# HB 1188 Clarify River Outfitter Navigation Right Bill



## Ole Rivers (Jul 7, 2005)

OK, folks, here it is:

Introduced January 22, 2009:

http://www.leg.state.co.us/clics/cl...7E6422B872576AA00693103?Open&file=1188_01.pdf

This bill's language obviously is written for the benefit of the private commercial boating outfitters.

Does this set precedence to the benefit or detriment of public noncommercial boaters, public noncommercial fishers and commercial wade/boat fishing guides now or future?


----------



## lmyers (Jun 10, 2008)

Here is a Mountain Mail article related to the bill:
1/22/2010 11:25:00 AM Email this article • Print this article *Boater rights bill introduced*

Audrey Gilpin - Mail Staff Writer

A new bill clarifying rights of commercial guides to operate on historically boated Colorado rivers is being introduced to the Colorado General Assembly.

Rep. Kathleen Curry of Gunnison and Sen. Mary Hodge of Brighton are sponsoring the bill as the Colorado Outfitters Viability Act.

Bob Hamel, chairman of Colorado River Outfitters Association and owner of Arkansas River Tours in Salida, said the bill stems from an out-of-state land owner threatening legal action against commercial river outfitters using a stretch of the Taylor River near Gunnison.

The landowner, Hamel said, told outfitters he would issue a 2009 permit to run the portion of river through his property if guides agreed not to run the stretch during the 2010 season.

"He didn't have authority to permit outfitters, and guides came to us (Colorado River Outfitters Association) about the issue," Hamel said.

Guides have run the Taylor River about 20-30 years and portaged (carried rafts on shore) around a low bridge on that part of the river, Hamel said.

Colorado law states boaters have a right to navigate rivers and streams across private land as long as they don't touch the riverbank.

The proposed bill would allow licensed outfitters to not only operate on historically run rivers crossing private property, but to make contact with the riverbank and portage around hazards which could put passengers at risk.

Landowners would also be protected by the proposed bill, Hamel explained, because they wouldn't be liable if a boater or angler is injured portaging or during incidental contact on their property while on a commercial river trip.

Historically run rivers in Colorado are not identified in the bill.
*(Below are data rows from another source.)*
text \<open>Along a chain starting at a vertex t_0, every [t_0, t_j] with j >= 1 is an edge, the
  mass strictly decreases, and the element created by the j-th operation is absent
  from t_0 (so that the next operation, led by it, satisfies the hypothesis of
  face_extend).\<close>

lemma chain_edges_from_start:
  assumes chain: "mu_chain m t \<nu>" and V: "is_vertex g0 (vecT (t 0))"
  shows "Suc j \<le> m \<Longrightarrow> closed_segment (vecT (t 0)) (vecT (t (Suc j))) face_of corner g0
           \<and> mass (t (Suc j)) < mass (t 0) \<and> t 0 (new_elem (t j) (\<nu> (Suc j))) = 0"
proof (induction j)
  case 0
  then have a: "applicable (t 0) (\<nu> 1)" and step: "t 1 = apply_mu (t 0) (\<nu> 1)"
    using mu_chainD[OF chain, of 0] by simp_all
  show ?case
    using edge_from_vertex[OF V a] mass_apply_mu[OF a] new_elem_at_vertex(1)[OF V a] step
    by simp
next
  case (Suc j)
  let ?u = "t 0" and ?v = "t (Suc j)" and ?\<nu> = "\<nu> (Suc (Suc j))"
  have a: "applicable ?v ?\<nu>" and step: "t (Suc (Suc j)) = apply_mu ?v ?\<nu>"
    and lead: "lead ?\<nu> = new_elem (t j) (\<nu> (Suc j))"
    using mu_chainD[OF chain, of "Suc j"] mu_chainD(3)[OF chain, of j] Suc.prems by simp_all
  have F: "closed_segment (vecT ?u) (vecT ?v) face_of corner g0"
    and m: "mass ?v < mass ?u" and uh: "?u (lead ?\<nu>) = 0"
    using Suc.IH Suc.prems lead by auto
  have uT: "?u \<in> Tset g0" using V by (rule vertex_in_Tset)
  have vT: "?v \<in> Tset g0" using endpoint_vertex[OF F] by (rule vertex_in_Tset)
  have "?u \<noteq> ?v" using m by auto
  then show ?case
    using face_extend[OF F uT vT _ less_imp_le[OF m] a uh] mass_apply_mu[OF a] m
      new_elem_outside[OF F uT vT less_imp_le[OF m] a] step
    by simp
qed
However, Hamel said there's 20-30 years of documentation to identify the commercially run rivers.

As the "most commercially rafted river in the world," Arkansas River guides and riverside land owners will be impacted by the proposed bill if it's passed, Hamel explained.

"This bill is very important to the (boating) industry," Hamel said.

A portion of the draft bill states, "The general assembly recognizes river outfitters as an established business on rivers flowing within and without the state, make significant contributions to the economy of this state."

Based upon the proposed bill fact sheet, commercial river running contributed $142 million to the Colorado economy in 2008. If the bill is not approved, that economic impact "would be at serious risk."



Doesn't sound to me like they are including private vessels. Only commercial outfitters on "historically commercially run rivers"...?


----------